Compilation album by Bob Dylan
- Released: October 6, 2008
- Recorded: 1989–2006
- Genre: Rock; folk; folk rock; country rock; blues;
- Length: 137:07
- Label: Columbia
- Producer: Bob Dylan; Daniel Lanois;

Bob Dylan chronology
| Dylan (2007) | The Bootleg Series Vol. 8: Tell Tale Signs: Rare and Unreleased 1989–2006 (2008) | Together Through Life (2009) |

Bob Dylan Bootleg Series chronology
| Vol. 7: No Direction Home: The Soundtrack (2005) | Vol. 8: Tell Tale Signs: Rare and Unreleased 1989–2006 (2008) | Vol. 9: The Witmark Demos: 1962–1964 (2010) |

= The Bootleg Series Vol. 8: Tell Tale Signs: Rare and Unreleased 1989–2006 =

The Bootleg Series Vol. 8: Tell Tale Signs: Rare and Unreleased 1989–2006 is a compilation album by singer-songwriter Bob Dylan released on Legacy Records in 2008. The sixth installment of the ongoing Bob Dylan Bootleg Series, it was originally released as a single disc, a double-disc set, a limited edition triple vinyl album, as well as a three-disc expanded version. This latter edition of Tell Tale Signs includes a detailed 56-page book annotating the recordings by Larry Sloman, a book of photos The Collected Single Sleeves of Bob Dylan drawing on Dylan releases from around the world, plus a 7-inch vinyl single comprising two tracks from the set: "Dreamin' of You" and "Ring Them Bells".

== Background ==
The album spans the recording sessions for Oh Mercy, World Gone Wrong, Time Out of Mind, and Modern Times as well as a number of soundtrack contributions and previously unreleased live tracks from 1989 through 2006. The collection also includes a track from an abandoned album Dylan had started to record with David Bromberg in 1992, and Dylan's duet with Ralph Stanley "The Lonesome River".

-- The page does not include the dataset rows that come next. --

(* Let $V$ be a countable set, $\Omega_0$ a finite set, $\Omega=\Omega_0^V$, $q\in\mathbb N$, and let $\Phi=\{\Phi_B\}_{B\Subset V}$ be an absolutely summable potential, i.e. each $\Phi_B:\Omega\to\mathbb R$ is $\mathcal F_B$-measurable and $\sum_{B\Subset V,\,B\ni x}\|\Phi_B\|_\infty<\infty$ for every $x\in V$. For $\Lambda\Subset V$, $\sigma_\Lambda\in\Omega_\Lambda=\Omega_0^\Lambda$ and $\omega_1,\dots,\omega_q\in\Omega$ set $$H_{\Lambda,\Phi}(\sigma_\Lambda;\omega_1,\dots,\omega_q)=\sum_{B\subseteq\Lambda}\Phi_B(\sigma_\Lambda)+\frac1q\sum_{\substack{B\Subset V\\ B\cap\Lambda\ne\emptyset,\ B\cap\Lambda^c\ne\emptyset}}\sum_{i=1}^q\Phi_B(\sigma_\Lambda\omega_{i,\Lambda^c}),$$ and define the Gibbs $q$-specification $\gamma^\Phi=(\gamma^\Phi_\Lambda)_{\Lambda\Subset V}$ by $$\gamma^\Phi_\Lambda(A\mid\omega_1,\dots,\omega_q)=\frac{1}{Z_\Lambda(\omega_1,\dots,\omega_q)}\sum_{\sigma_\Lambda\in\Omega_\Lambda}e^{-H_{\Lambda,\Phi}(\sigma_\Lambda;\omega_1,\dots,\omega_q)}\,\frac1q\sum_{i=1}^q\mathbf 1_A(\sigma_\Lambda\omega_{i,\Lambda^c}),\quad A\in\mathcal F,$$ with $Z_\Lambda(\omega_1,\dots,\omega_q)=\sum_{\sigma_\Lambda\in\Omega_\Lambda}e^{-H_{\Lambda,\Phi}(\sigma_\Lambda;\omega_1,\dots,\omega_q)}$. Then $\gamma^\Phi$ is quasilocal.
   Context: $\mathcal F$ is the product $\sigma$-algebra on $\Omega$; $\mathcal F_B$ is the $\sigma$-algebra generated by the coordinates in $B$; a function $\Phi_B$ that is $\mathcal F_B$-measurable is regarded as a function of the configuration on $B$, so $\Phi_B(\sigma_\Lambda)$ makes sense for $B\subseteq\Lambda$. $\sigma_\Lambda\omega_{\Lambda^c}$ is the configuration equal to $\sigma_\Lambda$ on $\Lambda$ and to $\omega$ on $\Lambda^c$. $\Omega$ carries the topology of coordinatewise convergence and $\Omega^q$ the product topology. A family $(\gamma_\Lambda)_{\Lambda\Subset V}$ of kernels is quasilocal if for each $\Lambda\Subset V$ and every event $A\in\mathcal F_\Lambda$ the map $(\omega_1,\dots,\omega_q)\mapsto\gamma_\Lambda(A\mid\omega_1,\dots,\omega_q)$ is continuous on $\Omega^q$. *)

theory Defs
  imports "HOL-Analysis.Analysis"
begin

(* Configurations: <Omega> = 'v <Rightarrow> 'a with 'v countable (the vertex set V)
  and 'a finite (the single-site space <Omega><^sub>0). *)

definition F_sub :: "'v set \<Rightarrow> ('v \<Rightarrow> 'a) measure" where
  "F_sub B = vimage_algebra UNIV (\<lambda>\<omega>. restrict \<omega> B) (PiM B (\<lambda>_. count_space UNIV))"

definition glue :: "'v set \<Rightarrow> ('v \<Rightarrow> 'a) \<Rightarrow> ('v \<Rightarrow> 'a) \<Rightarrow> ('v \<Rightarrow> 'a)" where
  "glue \<Lambda> \<sigma> \<omega> = (\<lambda>x. if x \<in> \<Lambda> then \<sigma> x else \<omega> x)"

definition Omega_loc :: "'v set \<Rightarrow> ('v \<Rightarrow> 'a) set" where
  "Omega_loc \<Lambda> = PiE \<Lambda> (\<lambda>_. UNIV)"

(* Hamiltonian H_{<Lambda>,<Phi>}(<sigma>_<Lambda>; <omega>_1..<omega>_q); boundary conditions <omega>_1..<omega>_q are <omega> 0 .. <omega> (q-1). *)
definition gibbsH :: "nat \<Rightarrow> ('v set \<Rightarrow> ('v \<Rightarrow> 'a) \<Rightarrow> real) \<Rightarrow> 'v set \<Rightarrow> ('v \<Rightarrow> 'a)
    \<Rightarrow> (nat \<Rightarrow> 'v \<Rightarrow> 'a) \<Rightarrow> real" where
  "gibbsH q \<Phi> \<Lambda> \<sigma> \<omega> =
     (\<Sum>B\<in>Pow \<Lambda>. \<Phi> B \<sigma>)
     + (1 / real q) * infsum (\<lambda>B. \<Sum>i<q. \<Phi> B (glue \<Lambda> \<sigma> (\<omega> i)))
                        {B. finite B \<and> B \<inter> \<Lambda> \<noteq> {} \<and> B - \<Lambda> \<noteq> {}}"

definition partZ :: "nat \<Rightarrow> ('v set \<Rightarrow> ('v \<Rightarrow> 'a) \<Rightarrow> real) \<Rightarrow> 'v set
    \<Rightarrow> (nat \<Rightarrow> 'v \<Rightarrow> 'a) \<Rightarrow> real" where
  "partZ q \<Phi> \<Lambda> \<omega> = (\<Sum>\<sigma>\<in>Omega_loc \<Lambda>. exp (- gibbsH q \<Phi> \<Lambda> \<sigma> \<omega>))"

definition gibbs_spec :: "nat \<Rightarrow> ('v set \<Rightarrow> ('v \<Rightarrow> 'a) \<Rightarrow> real) \<Rightarrow> 'v set
    \<Rightarrow> ('v \<Rightarrow> 'a) set \<Rightarrow> (nat \<Rightarrow> 'v \<Rightarrow> 'a) \<Rightarrow> real" where
  "gibbs_spec q \<Phi> \<Lambda> A \<omega> =
     (1 / partZ q \<Phi> \<Lambda> \<omega>) *
     (\<Sum>\<sigma>\<in>Omega_loc \<Lambda>. exp (- gibbsH q \<Phi> \<Lambda> \<sigma> \<omega>) *
        ((1 / real q) * (\<Sum>i<q. indicator A (glue \<Lambda> \<sigma> (\<omega> i)))))"

definition Omega_top :: "('v \<Rightarrow> 'a) topology" where
  "Omega_top = product_topology (\<lambda>_. discrete_topology UNIV) UNIV"

definition Omega_q_top :: "nat \<Rightarrow> (nat \<Rightarrow> 'v \<Rightarrow> 'a) topology" where
  "Omega_q_top q = product_topology (\<lambda>_. Omega_top) {..<q}"

definition quasilocal :: "nat \<Rightarrow> ('v set \<Rightarrow> ('v \<Rightarrow> 'a) set \<Rightarrow> (nat \<Rightarrow> 'v \<Rightarrow> 'a) \<Rightarrow> real) \<Rightarrow> bool" where
  "quasilocal q \<gamma> \<longleftrightarrow>
     (\<forall>\<Lambda> A. finite \<Lambda> \<and> A \<in> sets (F_sub \<Lambda>) \<longrightarrow>
        continuous_map (Omega_q_top q) euclideanreal (\<gamma> \<Lambda> A))"

end

theory Submission
  imports Defs
begin

(* An F_B-measurable function depends only on the coordinates in B. For B finite such a
   function therefore takes finitely many values, so the sup norm of Phi_B is attained, and it is
   continuous for coordinatewise convergence. The boundary part of the Hamiltonian is a sum over
   the finite sets B meeting both Lambda and its complement, dominated termwise by q times the
   sup norm of Phi_B; these norms are summable because every such B contains one of the finitely
   many sites of Lambda. By the Weierstrass M-test the sum converges uniformly in the boundary
   conditions, so the Hamiltonian is continuous. The specification is then a finite combination
   of exponentials of it and of indicators of the local event A, divided by the positive
   partition function. *)

definition depends_on :: "'v set \<Rightarrow> (('v \<Rightarrow> 'a) \<Rightarrow> 'b) \<Rightarrow> bool" where
  "depends_on B f \<longleftrightarrow> (\<forall>w w'. (\<forall>x\<in>B. w x = w' x) \<longrightarrow> f w = f w')"

lemma depends_onI:
  "(\<And>w w'. \<forall>x\<in>B. w x = w' x \<Longrightarrow> f w = f w') \<Longrightarrow> depends_on B f"
  unfolding depends_on_def by blast

lemma depends_onD:
  "depends_on B f \<Longrightarrow> \<forall>x\<in>B. w x = w' x \<Longrightarrow> f w = f w'"
  unfolding depends_on_def by blast

lemma depends_on_glue:
  "depends_on B f \<Longrightarrow> depends_on B (\<lambda>w. f (glue \<Lambda> \<sigma> w))"
  unfolding depends_on_def glue_def by simp

lemma depends_on_indicator_F_sub:
  fixes A :: "('v \<Rightarrow> 'a) set"
  assumes "A \<in> sets (F_sub B)"
  shows "depends_on B (indicator A)"
proof (rule depends_onI)
  fix w w' :: "'v \<Rightarrow> 'a" assume "\<forall>x\<in>B. w x = w' x"
  then have "restrict w B = restrict w' B" by (auto simp: restrict_def)
  have "(\<lambda>\<omega>::'v \<Rightarrow> 'a. restrict \<omega> B) \<in> UNIV \<rightarrow> space (PiM B (\<lambda>_. count_space UNIV))"
    by (auto simp: space_PiM)
  from sets_vimage_algebra2[OF this] assms obtain X
    where "A = (\<lambda>\<omega>. restrict \<omega> B) -` X \<inter> UNIV"
    unfolding F_sub_def by auto
  with \<open>restrict w B = restrict w' B\<close> show "indicator A w = indicator A w'"
    by (simp add: indicator_def)
qed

Although Under the Red Sky (1990), Good as I Been to You (1992), and "Love and Theft" (2001) were all recorded during this time period, no tracks from these sessions were included on Tell Tale Signs. An alternate version of "Series of Dreams" was included on Vol. 3 of the Bootleg Series. "Dreamin' of You", an outtake from the Time Out of Mind sessions, was offered for free download on Bob Dylan's site and was also sent to radio stations as a promotional single.

In the first week of October 2008, the entire album was made available in a free streaming format on National Public Radio's official website.

==Reception==

The album entered the Billboard 200 at number 6, becoming Dylan's 17th album to open in the top 10. It went on to sell over 600,000 copies. Tell Tale Signs currently maintains an 86% positive ("Universal acclaim") rating at Metacritic. It was also named the second best album of 2008 by Rolling Stone magazine.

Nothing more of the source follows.